Un'entità aziendale sin qui restata al riparo dei picchi del mercato; con una maestranza di 50 addetti e un discreto ruolo socioeconomico in questa realtà territoriale. Come si trattasse di macchine (quelle proditoriamente smontate nottetempo e reinstallate nella casa madre societaria), i 50 dipendenti si sono trovati in strada (come si diceva un tempo).
Non abbiamo mai perorato l'invarianza indipendente della tutela dei diritti e delle prerogative salariali dalla sostenibilità delle realtà aziendali.
Ma quanto sta avvenendo nel raviolificio ricalca esattamente le modalità del padrone delle ferriere.
Auspichiamo, esprimendo la nostra totale solidarietà alle lavoratrici e ai lavoratori e al Sindacato, che la situazione possa essere almeno in parte recuperata.
E ci appelliamo ad una robusta testimonianza delle istituzioni locali e degli investiti di mandato rappresentativo.
Tra i primi (a voler essere precisi, l'unico, fino ad ora) a far sentire la sua voce è stato Matteo Piloni, esponente del PD e Consigliere della Regione Lombardia.
Di cui riportiamo una dichiarazione di sostegno alla causa dei lavoratori.

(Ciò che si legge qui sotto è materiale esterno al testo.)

text \<open>
  Configurations of \<open>tilde A\<close> are the sets of primes of the bijections \<open>\<theta> \<in> S\<^sub>A\<close>, and every
  element of the higher symmetry is induced by a commuting square \<open>(\<theta>, \<phi>, \<psi>)\<close> of \<open>S\<^sub>A\<close>, whose
  fourth side is the conjugate \<open>\<phi>\<inverse> \<theta> \<psi>\<close>. Through these descriptions every property of
  \<open>tilde \<sigma>\<close> reduces to the same property of \<open>\<sigma>\<close>, acting on the sides of squares: \<open>\<sigma>\<close> maps squares
  to squares; immediate causality in \<open>tilde S\<close> is immediate causality of the top events; thinness
  of \<open>S\<close> applied to the three sides of two squares gives thinness of \<open>tilde S\<close>. For strong
  receptivity, a negative one-pair extension of \<open>tilde \<sigma> \<Theta>\<close> is a one-pair extension of the three
  sides of a square of \<open>S\<^sub>A\<close>; strong receptivity of \<open>\<sigma>\<close> lifts each side uniquely, and the lifts
  share their new events because strong receptivity also applies to identity symmetries.
\<close>

section \<open>Configurations, symmetries and their prime parts\<close>

definition down :: "('a, 'z) essp_scheme \<Rightarrow> 'a \<Rightarrow> 'a set" where
  "down A a = {c. es_le A c a}"

definition prime_at :: "('a, 'z) essp_scheme \<Rightarrow> ('a \<times> 'a) set \<Rightarrow> 'a \<Rightarrow> ('a \<times> 'a) set" where
  "prime_at A \<theta> a = {p \<in> \<theta>. es_le A (fst p) a}"

lemma is_esD:
  assumes "is_es A"
  shows "\<forall>a b. es_le A a b \<longrightarrow> a \<in> es_ev A \<and> b \<in> es_ev A"
    and "\<forall>a\<in>es_ev A. es_le A a a"
    and "\<forall>a b. es_le A a b \<and> es_le A b a \<longrightarrow> a = b"
    and "\<forall>a b c. es_le A a b \<and> es_le A b c \<longrightarrow> es_le A a c"
    and "\<forall>X Y. X \<in> es_con A \<and> Y \<subseteq> X \<longrightarrow> Y \<in> es_con A"
  using assms unfolding is_es_def by - (elim conjE, assumption)+

lemma es_le_ev: "is_es A \<Longrightarrow> es_le A a b \<Longrightarrow> a \<in> es_ev A \<and> b \<in> es_ev A"
  using is_esD(1) by blast

lemma es_refl: "is_es A \<Longrightarrow> a \<in> es_ev A \<Longrightarrow> es_le A a a"
  using is_esD(2) by blast

lemma es_antisym: "is_es A \<Longrightarrow> es_le A a b \<Longrightarrow> es_le A b a \<Longrightarrow> a = b"
  using is_esD(3) by blast

lemma es_trans: "is_es A \<Longrightarrow> es_le A a b \<Longrightarrow> es_le A b c \<Longrightarrow> es_le A a c"
  using is_esD(4) by blast

lemma es_con_subset: "is_es A \<Longrightarrow> X \<in> es_con A \<Longrightarrow> Y \<subseteq> X \<Longrightarrow> Y \<in> es_con A"
  using is_esD(5) by blast
(* Let $n\ge 2$, let $S=\{p_1,\dots,p_n\}$ be a set of $n$ point sites in $\mathbb{R}^d$, and let $\{d_{p_i}\}_{1\le i\le n}$ be an admissible system of distance functions. Let $C\subset\mathbb{R}^d$ be a bounded open set, and let $\lambda_1,\dots,\lambda_n>0$ be real numbers with $\lambda_1+\dots+\lambda_n=\mu(C)$. Then there exists a weight vector $w=(w_1,\dots,w_n)\in\mathbb{R}^n$ such that $\mu\bigl(C\cap \mathrm{VR}_w(p_i,S)\bigr)=\lambda_i$ for all $1\le i\le n$. If, moreover, $C$ is path-connected, then such a $w$ is unique up to adding the same constant to all $w_i$, and consequently the parts $C_i=C\cap\mathrm{VR}_w(p_i,S)$ are uniquely determined.
   Context: $\mu$ is a measure defined on all Lebesgue-measurable subsets of $\mathbb{R}^d$ such that $\mu$ and $d$-dimensional Lebesgue measure are mutually absolutely continuous. Each site $p\in S$ has a continuous function $d_p:\mathbb{R}^d\to\mathbb{R}_{\ge 0}$. For $p\neq q\in S$ and $\gamma\in\mathbb{R}$ let $R_\gamma(p,q)=\{z\in\mathbb{R}^d : d_p(z)-d_q(z)<\gamma\}$. The system $\{d_p\}_{p\in S}$ is called admissible if for all $p\neq q\in S$ and every bounded open set $C\subset\mathbb{R}^d$ there exist real numbers $m_{pq}<M_{pq}$ such that the function $\gamma\mapsto\mu(C\cap R_\gamma(p,q))$ is continuous on $\mathbb{R}$ and increases (monotonically) from $0$ to $\mu(C)$ as $\gamma$ grows from $m_{pq}$ to $M_{pq}$; moreover $C\cap R_\gamma(p,q)=\emptyset$ for $\gamma\le m_{pq}$ and $C\subset R_\gamma(p,q)$ for $\gamma\ge M_{pq}$. For a weight vector $w=(w_1,\dots,w_n)$, the additively weighted Voronoi region of $p_i$ is $\mathrm{VR}_w(p_i,S)=\bigcap_{j\neq i}R_{w_i-w_j}(p_i,p_j)$, i.e. the set of points $z$ with $d_{p_i}(z)-w_i<d_{p_j}(z)-w_j$ for all $j\ne i$. *)

theory Defs
  imports "HOL-Analysis.Analysis"
begin

definition mutually_ac_lebesgue :: "'a::euclidean_space measure \<Rightarrow> bool" where
  "mutually_ac_lebesgue M \<longleftrightarrow>
     sets M = sets lebesgue \<and> null_sets M = null_sets lebesgue"

definition Rgam :: "('a \<Rightarrow> 'b \<Rightarrow> real) \<Rightarrow> 'a \<Rightarrow> 'a \<Rightarrow> real \<Rightarrow> 'b set" where
  "Rgam D p q \<gamma> = {z. D p z - D q z < \<gamma>}"

definition admissible ::
  "'a::euclidean_space measure \<Rightarrow> ('b \<Rightarrow> 'a \<Rightarrow> real) \<Rightarrow> 'b set \<Rightarrow> bool" where
  "admissible M D S \<longleftrightarrow>
     (\<forall>p\<in>S. continuous_on UNIV (D p) \<and> (\<forall>z. 0 \<le> D p z)) \<and>
     (\<forall>p\<in>S. \<forall>q\<in>S. p \<noteq> q \<longrightarrow>
        (\<forall>C. bounded C \<and> open C \<longrightarrow>
          (\<exists>m Mx. m < Mx \<and>
             continuous_on UNIV (\<lambda>\<gamma>. emeasure M (C \<inter> Rgam D p q \<gamma>)) \<and>
             mono_on {m..Mx} (\<lambda>\<gamma>. emeasure M (C \<inter> Rgam D p q \<gamma>)) \<and>
             (\<forall>\<gamma>\<le>m. C \<inter> Rgam D p q \<gamma> = {}) \<and>
             (\<forall>\<gamma>\<ge>Mx. C \<subseteq> Rgam D p q \<gamma>))))"

definition VR :: "('b \<Rightarrow> 'a \<Rightarrow> real) \<Rightarrow> (nat \<Rightarrow> 'b) \<Rightarrow> nat \<Rightarrow> (nat \<Rightarrow> real) \<Rightarrow> nat \<Rightarrow> 'a set" where
  "VR D p n w i = (\<Inter>j\<in>{..<n} - {i}. Rgam D (p i) (p j) (w i - w j))"

end

theory Submission
  imports Defs
begin

(*
  Existence is variational.  Write env w z = min_i (d_i z - w_i) for the lower envelope and
  consider the potential  F w = \<integral>_C env w + \<Sum>_i lam_i w_i.  Raising the weight w_i by
  t > 0 changes F by at least t (lam_i - \<mu>(C \<inter> VR_{w+t e_i}(i))).  Hence at a maximiser of F
  over a large box [0,R]^n (normalised so that its smallest weight is 0) every site whose
  weight is below R gets at least mass lam_i; this uses that the regions shrink to
  VR_w(i) as t \<down> 0 up to ties, and ties are null sets because admissibility makes
  \<gamma> \<mapsto> \<mu>(C \<inter> R_\<gamma>(p,q)) continuous.  A weight R far above the minimal one would empty the
  region of the minimal site, so all weights are below R, and since the masses add up to
  at most \<mu>(C) = \<Sum> lam_i all inequalities are equalities.

  Uniqueness: if w, w' both solve the problem and w' - w is not constant, let I be the sites
  where w' - w is maximal and J the others.  The I-regions only grow from w to w', but keep
  the same total mass, so they can only gain a null set.  On a connected C, however, the
  continuous function env_I - env_J changes sign, and points where it is slightly positive
  form a nonempty open set that passes from the J-regions to the I-regions.
*)

lemma continuous_on_Min_family:
  fixes f :: "'i \<Rightarrow> 'b::topological_space \<Rightarrow> real"
  shows "finite I \<Longrightarrow> I \<noteq> {} \<Longrightarrow> (\<And>i. i \<in> I \<Longrightarrow> continuous_on S (f i)) \<Longrightarrow>
    continuous_on S (\<lambda>z. Min ((\<lambda>i. f i z) ` I))"
proof (induction I rule: finite_ne_induct)
  case (singleton x)
  then show ?case by simp
next
  case (insert x F)
  have "continuous_on S (\<lambda>z. min (f x z) (Min ((\<lambda>i. f i z) ` F)))"
    by (intro continuous_on_min) (use insert in auto)
  then show ?case using insert by (simp add: Min_insert)
qed
lemma bb_loop_le_unexpanded:
  assumes sel: "best_first_rule sel" and T: "T \<subseteq> {..<n}" "indep G T"
  shows "search_invariant n T E F \<Longrightarrow> E \<subseteq> high_potential_nodes n (card T) \<Longrightarrow>
    bb_loop sel G n k F \<le> 2 * card (high_potential_nodes n (card T) - E)"
proof (induction k arbitrary: E F)
  case 0
  then show ?case by simp
next
  case (Suc k)
  let ?H = "high_potential_nodes n (card T)"
  define x where "x = sel n F"
  define F' where "F' = F - {x} \<union> {c \<in> children x. indep G (snd c)}"
  show ?case
  proof (cases "F = {} \<or> fst x = n")
    case True
    then show ?thesis by (auto simp: x_def Let_def)
  next
    case False
    have "finite F"
      using Suc.prems(1) by (simp add: search_invariant_def)
    then have xF: "x \<in> F" and x_max: "\<forall>y\<in>F. potential n y \<le> potential n x"
      using sel False by (auto simp: best_first_rule_def x_def)
    obtain i where "(i, T \<inter> {..<i}) \<in> F"
      using Suc.prems(1) by (auto simp: search_invariant_def)
    then have "card T \<le> potential n x"
      using card_le_potential_prefix[OF T(1)] x_max le_trans by blast
    moreover have "tree_node n x" and "x \<notin> E"
      using Suc.prems(1) xF by (auto simp: search_invariant_def)
    ultimately have xH: "x \<in> ?H - E" and "fst x < n"
      using False by (auto simp: high_potential_nodes_def tree_node_def)
    then have "search_invariant n T (insert x E) F'"
      unfolding F'_def using search_invariant_expand Suc.prems(1) T(2) xF by blast
    then have "bb_loop sel G n k F' \<le> 2 * card (?H - insert x E)"
      using Suc.IH Suc.prems(2) xH by blast
    moreover have "card (?H - E) = Suc (card (?H - insert x E))"
      using card.remove[OF finite_Diff[OF finite_high_potential_nodes] xH]
      by (simp add: Diff_insert[symmetric])
    moreover have "bb_loop sel G n (Suc k) F = 2 + bb_loop sel G n k F'"
      using False by (simp add: F'_def x_def Let_def)
    ultimately show ?thesis
      by linarith
  qed
qed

La notizia della chiusura della ex Bertarini di Sesto e il licenziamento di 54 persone è vergognosa, soprattutto per le modalità che sono state utilizzate dall'azienda.
Nell'esprimere massima solidarietà alle lavoratrici e ai lavoratori e pieno sostegno ai sindacati, dopo aver chiesto la convocazione della commissione Attività Produttive di regione Lombardia, oggi ho inviato una nota all'assessore regionale al lavoro Melania Rizzoli e alla direzione generale. Una lettera per informare Regione Lombardia della situazione e soprattutto chiedere la disponibilità per mettere in campo tutte le iniziative possibili per sostenere e accompagnare i lavoratori coinvolti, sia per quanto riguarda le misure di politiche attive del lavoro relative sia alle azioni di ricollocamento che a quelle riguardanti gli ammortizzatori sociali, tenendo anche presente che ci sono lavoratori a cui mancano ancora anni alla pensione.
Si tratta di 54 famiglie coinvolte in questa difficile situazione che non possono e non devono essere lasciate sole, soprattutto di fronte all' atteggiamento irresponsabile dell'azienda.